Collected data
lemma var_modular_rescale:
  fixes g p :: "'a::euclidean_space \<Rightarrow> real"
  assumes [measurable]: "g \<in> borel_measurable lebesgue" "p \<in> borel_measurable lebesgue"
    and m: "0 < m" "\<And>x. m \<le> p x" and lam: "0 < lam" and A: "1 \<le> A"
    and modular: "var_modular p g lam \<le> ennreal A"
  shows "var_modular p g (A powr (1/m) * lam) \<le> 1"
proof -
  define k where "k = A powr (1/m)"
  have k1: "1 \<le> k" unfolding k_def using A m by (simp add: ge_one_powr_ge_zero)
  have kA: "k powr m = A" unfolding k_def using A m by (simp add: powr_powr)
  have pw: "(\<bar>g x\<bar> / (k * lam)) powr p x \<le> (1/A) * (\<bar>g x\<bar> / lam) powr p x" for x
  proof -
    have "(\<bar>g x\<bar> / (k * lam)) powr p x = (\<bar>g x\<bar> / lam) powr p x / k powr p x"
      using k1 lam by (simp add: powr_divide divide_divide_eq_left powr_mult mult.commute)
    also have "\<dots> \<le> (\<bar>g x\<bar> / lam) powr p x / k powr m"
      using k1 m by (intro divide_left_mono powr_mono mult_pos_pos) auto
    finally show ?thesis using kA by simp
  qed
  have "var_modular p g (k * lam) \<le> (\<integral>\<^sup>+ x. ennreal (1/A) * ennreal ((\<bar>g x\<bar> / lam) powr p x) \<partial>lebesgue)"
    unfolding var_modular_def using pw A by (intro nn_integral_mono) (simp add: ennreal_mult[symmetric])
  also have "\<dots> = ennreal (1/A) * var_modular p g lam"
    unfolding var_modular_def by (rule nn_integral_cmult) measurable
  also have "\<dots> \<le> ennreal (1/A) * ennreal A" by (intro mult_left_mono modular) auto
  also have "\<dots> = 1" using A by (simp add: ennreal_mult[symmetric])
  finally show ?thesis unfolding k_def .
qed
lemma Q1_chain_even_nonzero:
  assumes "2 * j < CARD('n)"
  shows "Q1 *v chain (2 * j) \<noteq> 0"
proof (cases j)
  case 0
  then show ?thesis
    using seed by simp
next
  case (Suc i)
  define k where "k = 2 * i + 1"
  have "odd k" "2 * j = Suc k"
    by (simp_all add: k_def Suc)
  obtain c where Q1_chain: "Q1 *v chain (Suc k)
    = (chain_eigenvalue CARD('n) (Suc k) / 2) *\<^sub>R chain (Suc k) + c *\<^sub>R chain k"
    using Q1_chain_after_odd[OF \<open>odd k\<close>] .
  have inner_Q1_chain: "chain (Suc k) \<bullet> (Q1 *v chain (Suc k))
      = chain_eigenvalue CARD('n) (Suc k) / 2 * (chain (Suc k) \<bullet> chain (Suc k))"
    using chain_orthogonal[of "Suc k" k] by (simp add: Q1_chain inner_add_right del: chain.simps)
  have "chain_eigenvalue CARD('n) (Suc k) > 0"
    using \<open>odd k\<close> by (simp add: chain_eigenvalue_def add_pos_nonneg)
  moreover have "chain (Suc k) \<noteq> 0"
    using chain_nonzero[of "Suc k"] assms \<open>2 * j = Suc k\<close> by (simp del: chain.simps)
  then have "chain (Suc k) \<bullet> chain (Suc k) > 0"
    by (simp del: chain.simps)
  ultimately have "chain (Suc k) \<bullet> (Q1 *v chain (Suc k)) > 0"
    unfolding inner_Q1_chain by simp
  then show ?thesis
    using \<open>2 * j = Suc k\<close> by (auto simp del: chain.simps)
qed
(* Let $T<\infty$ and $\Delta_T=\{(s,t):0\le t\le s\le T\}$. There exists at most one solution $(R,C,q,K,H)\in\mathcal C_b^1(\Delta_T)^2\times\mathcal C_b^1([0,T])^3$ (with $C$ extended to $[0,T]^2$ by $C(s,t)=C(t,s)$) of the equations, for $(s,t)\in\Delta_T$, \begin{align*} \partial_sR(s,t)&=-f'(K(s))R(s,t)+\int_t^sR(u,t)R(s,u)\nu''(C(s,u))du,\\ \partial_sC(s,t)&=-f'(K(s))C(s,t)+\int_0^sR(s,u)\Big[\nu''(C(s,u))C(u,t)-\frac{q(t)\nu'(q(u))\nu''(q(s))}{\nu'(q_\star^2)}\Big]du\\&\quad+\int_0^tR(t,u)\Big[\nu'(C(s,u))-\frac{\nu'(q(s))\nu'(q(u))}{\nu'(q_\star^2)}\Big]du+q(t){\mathsf v}_\star'(q(s)),\\ \partial_sq(s)&=-f'(K(s))q(s)+\int_0^sR(s,u)\Big[q(u)\nu''(C(s,u))-\frac{q_\star^2\nu'(q(u))\nu''(q(s))}{\nu'(q_\star^2)}\Big]du+q_\star^2{\mathsf v}_\star'(q(s)),\\ \partial_sK(s)&=1-2f'(K(s))K(s)+2\int_0^sR(s,u)\Big[\psi(C(s,u))-\frac{\psi(q(s))\nu'(q(u))}{\nu'(q_\star^2)}\Big]du+2q(s){\mathsf v}_\star'(q(s)),\\ H(s)&=\int_0^sR(s,u)\Big[\nu'(C(s,u))-\frac{\nu'(q(s))\nu'(q(u))}{\nu'(q_\star^2)}\Big]du+{\mathsf v}_\star(q(s)), \end{align*} with boundary conditions $R(s,s)=1$ and $C(s,s)=K(s)$ for all $s\in[0,T]$, and $K(0)=1$, $q(0)=q_o$ given.
   Context: $m\ge2$, $b_2,\dots,b_m$ real with $b_m\ne0$, $\nu(r)=\sum_{p=2}^mb_p^2r^p$, $\psi(r)=r\nu''(r)+\nu'(r)$; $q_\star>0$, $q_o$ a real number, $E_\star,G_\star$ reals (with $G_\star=mE_\star/q_\star^2$ if $\nu(r)=b_m^2r^m$, the pure case). In the mixed case (any other $\nu$) ${\mathsf v}_p=\begin{bmatrix}q_\star^2\nu(q_\star^2)&q_\star^2\nu'(q_\star^2)\\ q_\star^2\nu'(q_\star^2)&\psi(q_\star^2)\end{bmatrix}^{-1}\begin{bmatrix}q_\star^2\\ p\end{bmatrix}$ and ${\mathsf v}_\star(r)=\sum_{p=2}^mb_p^2\langle{\mathsf v}_p,(E_\star,G_\star)\rangle r^p$; in the pure case ${\mathsf v}_\star(r)=E_\star q_\star^{-2m}r^m$. $f:[0,\infty)\to\mathbb R$ is differentiable with $f'$ locally Lipschitz, $\inf_{r\ge0}\{f'(r)-Ar^{2k-1}\}>-\infty$ for some $A>0,k>m/4$, and $\sup_r|f'(r)|(1+r)^{-\kappa}<\infty$ for some $\kappa$. $\mathcal C_b^1$ denotes bounded continuously differentiable functions. *)

theory Defs
  imports "HOL-Analysis.Analysis"
begin

definition nu :: "nat \<Rightarrow> (nat \<Rightarrow> real) \<Rightarrow> real \<Rightarrow> real" where
  "nu m b r = (\<Sum>p=2..m. (b p)^2 * r^p)"

definition nu1 :: "nat \<Rightarrow> (nat \<Rightarrow> real) \<Rightarrow> real \<Rightarrow> real" where
  "nu1 m b r = (\<Sum>p=2..m. (b p)^2 * real p * r^(p - 1))"

definition nu2 :: "nat \<Rightarrow> (nat \<Rightarrow> real) \<Rightarrow> real \<Rightarrow> real" where
  "nu2 m b r = (\<Sum>p=2..m. (b p)^2 * real p * (real p - 1) * r^(p - 2))"

definition psi :: "nat \<Rightarrow> (nat \<Rightarrow> real) \<Rightarrow> real \<Rightarrow> real" where
  "psi m b r = r * nu2 m b r + nu1 m b r"

definition pure_case :: "nat \<Rightarrow> (nat \<Rightarrow> real) \<Rightarrow> bool" where
  "pure_case m b \<longleftrightarrow> (\<forall>p\<in>{2..<m}. b p = 0)"

text \<open>Mixed case: v_p = M^{-1} (qs^2, p) with
  M = [[qs^2 nu(qs^2), qs^2 nu'(qs^2)], [qs^2 nu'(qs^2), psi(qs^2)]];
  the 2x2 inverse is written out via the adjugate formula.
  vcoef gives the inner product of v_p with (E, G).\<close>
definition vcoef :: "nat \<Rightarrow> (nat \<Rightarrow> real) \<Rightarrow> real \<Rightarrow> real \<Rightarrow> real \<Rightarrow> nat \<Rightarrow> real" where
  "vcoef m b qs E G p =
    (let x = qs^2; a = x * nu m b x; c = x * nu1 m b x; d = psi m b x;
         dt = a * d - c * c;
         v1 = (d * x - c * real p) / dt;
         v2 = (- c * x + a * real p) / dt
     in v1 * E + v2 * G)"

definition vstar :: "nat \<Rightarrow> (nat \<Rightarrow> real) \<Rightarrow> real \<Rightarrow> real \<Rightarrow> real \<Rightarrow> real \<Rightarrow> real" where
  "vstar m b qs E G r =
    (if pure_case m b then E / qs^(2*m) * r^m
     else (\<Sum>p=2..m. (b p)^2 * vcoef m b qs E G p * r^p))"

definition vstar1 :: "nat \<Rightarrow> (nat \<Rightarrow> real) \<Rightarrow> real \<Rightarrow> real \<Rightarrow> real \<Rightarrow> real \<Rightarrow> real" where
  "vstar1 m b qs E G r =
    (if pure_case m b then E / qs^(2*m) * real m * r^(m - 1)
     else (\<Sum>p=2..m. (b p)^2 * vcoef m b qs E G p * real p * r^(p - 1)))"

definition triangle :: "real \<Rightarrow> (real \<times> real) set" where
  "triangle T = {(s, t). 0 \<le> t \<and> t \<le> s \<and> s \<le> T}"

text \<open>Bounded continuously differentiable functions on a set of the plane
  (derivatives within the set, so one-sided at the boundary).\<close>
definition Cb1_plane :: "(real \<times> real) set \<Rightarrow> (real \<Rightarrow> real \<Rightarrow> real) \<Rightarrow> bool" where
  "Cb1_plane S F \<longleftrightarrow>
     (\<exists>F1 F2. continuous_on S F1 \<and> continuous_on S F2 \<and>
        (\<forall>x\<in>S. ((\<lambda>(s, t). F s t) has_derivative (\<lambda>h. F1 x * fst h + F2 x * snd h)) (at x within S)))
     \<and> bounded ((\<lambda>(s, t). F s t) ` S)"

definition Cb1_line :: "real set \<Rightarrow> (real \<Rightarrow> real) \<Rightarrow> bool" where
  "Cb1_line S F \<longleftrightarrow>
     (\<exists>F'. continuous_on S F' \<and> (\<forall>x\<in>S. (F has_real_derivative F' x) (at x within S)))
     \<and> bounded (F ` S)"

definition Csym :: "(real \<Rightarrow> real \<Rightarrow> real) \<Rightarrow> real \<Rightarrow> real \<Rightarrow> real" where
  "Csym C s t = (if t \<le> s then C s t else C t s)"
(* Let $E$ be a bounded spectral family in a $\sigma$-complete orthomodular lattice $\mathbb{L}$. Then the function $f_E:\mathcal{Q}(\mathbb{L})\to\mathbb{R}$, $f_E(\mathfrak{B}):=\inf\{\lambda\in\mathbb{R}\mid E_\lambda\in\mathfrak{B}\}$, is continuous.
   Context: A spectral family in a $\sigma$-complete lattice $\mathbb{L}$ (with $0$ and $1$) is a map $E:\mathbb{R}\to\mathbb{L}$ with (1) $E_\lambda\le E_\mu$ for $\lambda\le\mu$; (2) $E_\lambda=\bigwedge_{\mu>\lambda}E_\mu$; (3) $\bigwedge_\lambda E_\lambda=0$, $\bigvee_\lambda E_\lambda=1$. $E$ is bounded if there are $a\le b$ with $E_\lambda=0$ for $\lambda<a$ and $E_\lambda=1$ for $\lambda\ge b$. A quasipoint of $\mathbb{L}$ is a maximal dual ideal (a dual ideal being a nonempty, upward closed subset not containing $0$ and closed under finite meets). The Stone spectrum $\mathcal{Q}(\mathbb{L})$ is the set of quasipoints with topology generated by the base $\mathcal{Q}_a(\mathbb{L})=\{\mathfrak{B}\mid a\in\mathfrak{B}\}$, $a\in\mathbb{L}$. *)

theory Defs
  imports "HOL-Analysis.Analysis"
begin

text \<open>Lattice-theoretic infima/suprema of arbitrary subsets (they need not exist in general).\<close>

definition is_infimum :: "'a::order \<Rightarrow> 'a set \<Rightarrow> bool" where
  "is_infimum x S \<longleftrightarrow> (\<forall>s\<in>S. x \<le> s) \<and> (\<forall>y. (\<forall>s\<in>S. y \<le> s) \<longrightarrow> y \<le> x)"

definition is_supremum :: "'a::order \<Rightarrow> 'a set \<Rightarrow> bool" where
  "is_supremum x S \<longleftrightarrow> (\<forall>s\<in>S. s \<le> x) \<and> (\<forall>y. (\<forall>s\<in>S. s \<le> y) \<longrightarrow> x \<le> y)"

definition sigma_complete :: "'a::bounded_lattice itself \<Rightarrow> bool" where
  "sigma_complete _ \<longleftrightarrow>
     (\<forall>S::'a set. countable S \<longrightarrow> (\<exists>x. is_supremum x S) \<and> (\<exists>x. is_infimum x S))"

definition orthomodular :: "('a::bounded_lattice \<Rightarrow> 'a) \<Rightarrow> bool" where
  "orthomodular oc \<longleftrightarrow>
     (\<forall>x. inf x (oc x) = bot) \<and> (\<forall>x. sup x (oc x) = top) \<and>
     (\<forall>x. oc (oc x) = x) \<and> (\<forall>x y. x \<le> y \<longrightarrow> oc y \<le> oc x) \<and>
     (\<forall>x y. x \<le> y \<longrightarrow> y = sup x (inf y (oc x)))"

definition spectral_family :: "(real \<Rightarrow> 'a::bounded_lattice) \<Rightarrow> bool" where
  "spectral_family E \<longleftrightarrow>
     (\<forall>l m. l \<le> m \<longrightarrow> E l \<le> E m) \<and>
     (\<forall>l. is_infimum (E l) {E m | m. m > l}) \<and>
     is_infimum bot (range E) \<and> is_supremum top (range E)"

definition bounded_spectral_family :: "(real \<Rightarrow> 'a::bounded_lattice) \<Rightarrow> bool" where
  "bounded_spectral_family E \<longleftrightarrow> spectral_family E \<and>
     (\<exists>a b. a \<le> b \<and> (\<forall>l. l < a \<longrightarrow> E l = bot) \<and> (\<forall>l. l \<ge> b \<longrightarrow> E l = top))"

definition dual_ideal :: "'a::bounded_lattice set \<Rightarrow> bool" where
  "dual_ideal F \<longleftrightarrow> F \<noteq> {} \<and> bot \<notin> F \<and>
     (\<forall>x y. x \<in> F \<and> x \<le> y \<longrightarrow> y \<in> F) \<and> (\<forall>x y. x \<in> F \<and> y \<in> F \<longrightarrow> inf x y \<in> F)"

definition quasipoint :: "'a::bounded_lattice set \<Rightarrow> bool" where
  "quasipoint B \<longleftrightarrow> dual_ideal B \<and> (\<forall>C. dual_ideal C \<and> B \<subseteq> C \<longrightarrow> C = B)"

definition quasipoints :: "'a::bounded_lattice set set" where
  "quasipoints = {B. quasipoint B}"

definition Q_base :: "'a::bounded_lattice \<Rightarrow> 'a set set" where
  "Q_base a = {B. quasipoint B \<and> a \<in> B}"

definition stone_spectrum :: "'a::bounded_lattice set topology" where
  "stone_spectrum = topology_generated_by (range Q_base)"

definition observable_fun :: "(real \<Rightarrow> 'a::bounded_lattice) \<Rightarrow> 'a set \<Rightarrow> real" where
  "observable_fun E B = Inf {l. E l \<in> B}"

end

theory Submission
  imports Defs
begin

text \<open>Write \<open>f\<^sub>E\<close> for \<open>observable_fun E\<close>. Since \<open>E\<close> is bounded, \<open>{\<lambda>. E \<lambda> \<in> \<frak>B}\<close> is a nonempty
  set bounded below for every quasipoint \<open>\<frak>B\<close>, so \<open>f\<^sub>E \<frak>B < r\<close> iff \<open>E \<lambda> \<in> \<frak>B\<close> for some \<open>\<lambda> < r\<close>;
  hence \<open>{f\<^sub>E < r}\<close> is the union of the basic open sets \<open>Q_base (E \<lambda>)\<close>, \<open>\<lambda> < r\<close>.
  If \<open>f\<^sub>E \<frak>B > \<mu> > r\<close>, then \<open>E \<mu> \<notin> \<frak>B\<close>, and maximality of \<open>\<frak>B\<close> yields \<open>b \<in> \<frak>B\<close> with
  \<open>E \<mu> \<sqinter> b = 0\<close>; monotonicity of \<open>E\<close> then keeps every \<open>E \<lambda>\<close>, \<open>\<lambda> < \<mu>\<close>, out of every quasipoint
  in \<open>Q_base b\<close>, so \<open>f\<^sub>E \<ge> \<mu>\<close> there.\<close>

lemma quasipoint_top: "quasipoint B \<Longrightarrow> top \<in> B"
  unfolding quasipoint_def dual_ideal_def by auto

lemma quasipoint_bot: "quasipoint B \<Longrightarrow> bot \<notin> B"
  unfolding quasipoint_def dual_ideal_def by auto

lemma quasipoint_upward_closed: "quasipoint B \<Longrightarrow> x \<in> B \<Longrightarrow> x \<le> y \<Longrightarrow> y \<in> B"
  unfolding quasipoint_def dual_ideal_def by blast

lemma quasipoint_inf: "quasipoint B \<Longrightarrow> x \<in> B \<Longrightarrow> y \<in> B \<Longrightarrow> inf x y \<in> B"
  unfolding quasipoint_def dual_ideal_def by blast

lemma quasipoint_disjoint_of_notin:
  fixes B :: "'a::bounded_lattice set"
  assumes q: "quasipoint B" and a: "a \<notin> B"
  obtains b where "b \<in> B" "inf a b = bot"
proof (rule ccontr)
  assume "\<not> thesis"
  with that have meets: "\<forall>b\<in>B. inf a b \<noteq> bot" by blast
  define C where "C = {c. \<exists>b\<in>B. inf a b \<le> c}"
  have "dual_ideal C"
    unfolding dual_ideal_def
  proof (intro conjI allI impI)
    show "C \<noteq> {}" and "bot \<notin> C"
      using quasipoint_top[OF q] meets unfolding C_def by (auto simp: bot_unique)
  next
    fix x y assume "x \<in> C \<and> x \<le> y" then show "y \<in> C"
      unfolding C_def by (auto intro: order_trans)
  next
    fix x y assume "x \<in> C \<and> y \<in> C"
    then obtain b1 b2 where "b1 \<in> B" "b2 \<in> B" "inf a b1 \<le> x" "inf a b2 \<le> y"
      unfolding C_def by auto
    moreover have "inf a (inf b1 b2) \<le> inf x y"
      using calculation(3,4) inf_mono[OF order_refl inf_le1, of a b1 b2]
        inf_mono[OF order_refl inf_le2, of a b1 b2] by (blast intro: le_infI order_trans)
    ultimately show "inf x y \<in> C"
      using quasipoint_inf[OF q] unfolding C_def by blast
  qed
  moreover have "B \<subseteq> C" unfolding C_def using inf_le2 by blast
  ultimately have "C = B" using q unfolding quasipoint_def by auto
  moreover have "a \<in> C" using quasipoint_top[OF q] unfolding C_def by auto
  ultimately show False using a by auto
qed

lemma topspace_stone_spectrum: "topspace stone_spectrum = quasipoints"
  unfolding stone_spectrum_def Q_base_def quasipoints_def using quasipoint_top by auto

lemma openin_stone_spectrum_Q_base: "openin stone_spectrum (Q_base a)"
  unfolding stone_spectrum_def by (simp add: topology_generated_by_Basis)

context
  fixes E :: "real \<Rightarrow> 'a::bounded_lattice" and a b :: real
  assumes E_below: "\<And>l. l < a \<Longrightarrow> E l = bot" and E_top: "E b = top"
begin

lemma bdd_below_spectral_set:
  assumes "quasipoint B" shows "bdd_below {l. E l \<in> B}"
proof (rule bdd_belowI)
  fix l assume "l \<in> {l. E l \<in> B}"
  then show "a \<le> l" using E_below[of l] quasipoint_bot[OF assms] by force
qed

lemma observable_fun_le: "quasipoint B \<Longrightarrow> E l \<in> B \<Longrightarrow> observable_fun E B \<le> l"
  unfolding observable_fun_def by (auto intro: cInf_lower bdd_below_spectral_set)

lemma observable_fun_less_iff:
  assumes "quasipoint B" shows "observable_fun E B < r \<longleftrightarrow> (\<exists>l<r. E l \<in> B)"
proof
  assume "observable_fun E B < r"
  moreover have "b \<in> {l. E l \<in> B}" using E_top quasipoint_top[OF assms] by simp
  ultimately show "\<exists>l<r. E l \<in> B" unfolding observable_fun_def using cInf_lessD[of "{l. E l \<in> B}" r] by blast
qed (use assms observable_fun_le in force)

lemma openin_observable_fun_less:
  "openin stone_spectrum {B \<in> topspace stone_spectrum. observable_fun E B < r}"
proof -
  have "{B \<in> topspace stone_spectrum. observable_fun E B < r} = (\<Union>l\<in>{..<r}. Q_base (E l))"
    by (auto simp: topspace_stone_spectrum quasipoints_def Q_base_def observable_fun_less_iff)
  then show ?thesis by (auto intro: openin_stone_spectrum_Q_base)
qed

lemma openin_observable_fun_greater:
  assumes mono: "mono E"
  shows "openin stone_spectrum {B \<in> topspace stone_spectrum. observable_fun E B > r}"
proof (subst openin_subopen, safe)
  fix B assume "B \<in> topspace stone_spectrum" and gt: "r < observable_fun E B"
  then have q: "quasipoint B" by (simp add: topspace_stone_spectrum quasipoints_def)
  obtain \<mu> where \<mu>: "r < \<mu>" "\<mu> < observable_fun E B" using gt dense by blast
  then have "E \<mu> \<notin> B" using observable_fun_le[OF q] by force
  then obtain c where c: "c \<in> B" "inf (E \<mu>) c = bot"
    using quasipoint_disjoint_of_notin[OF q] by blast
  have "\<mu> \<le> observable_fun E C" if "C \<in> Q_base c" for C
  proof (rule ccontr)
    assume "\<not> \<mu> \<le> observable_fun E C"
    moreover have qC: "quasipoint C" "c \<in> C" using that by (auto simp: Q_base_def)
    ultimately obtain l where "l < \<mu>" "E l \<in> C"
      using observable_fun_less_iff[OF qC(1), of \<mu>] by (meson not_le)
    then have "E \<mu> \<in> C" using quasipoint_upward_closed[OF qC(1)] monoD[OF mono, of l \<mu>] by simp
    then have "bot \<in> C" using quasipoint_inf[OF qC(1) _ qC(2)] c(2) by metis
    then show False using quasipoint_bot[OF qC(1)] by blast
  qed
  then have "Q_base c \<subseteq> {B \<in> topspace stone_spectrum. r < observable_fun E B}"
    using \<mu>(1) by (fastforce simp: topspace_stone_spectrum quasipoints_def Q_base_def)
  moreover have "B \<in> Q_base c" using q c(1) by (simp add: Q_base_def)
  ultimately show "\<exists>T. openin stone_spectrum T \<and> B \<in> T \<and>
      T \<subseteq> {B \<in> topspace stone_spectrum. r < observable_fun E B}"
    using openin_stone_spectrum_Q_base by blast
qed

end

theorem proposition2p8:
  fixes oc :: "'a::bounded_lattice \<Rightarrow> 'a" and E :: "real \<Rightarrow> 'a"
  assumes "sigma_complete TYPE('a)"
    and "orthomodular oc"
    and "bounded_spectral_family E"
  shows "continuous_map stone_spectrum euclideanreal (observable_fun E)"
proof -
  obtain a b where "\<And>l. l < a \<Longrightarrow> E l = bot" "E b = top" and "mono E"
    using assms(3) unfolding bounded_spectral_family_def spectral_family_def
    by (metis monoI order_refl)
  then show ?thesis
    unfolding continuous_map_upper_lower_semicontinuous_lt
    using openin_observable_fun_less openin_observable_fun_greater by blast
qed

end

Task to carry out
Look for the string "False" in the data above and return every line that has it.

Solution for this problem
  ultimately show False using a by auto
    then show False using quasipoint_bot[OF qC(1)] by blast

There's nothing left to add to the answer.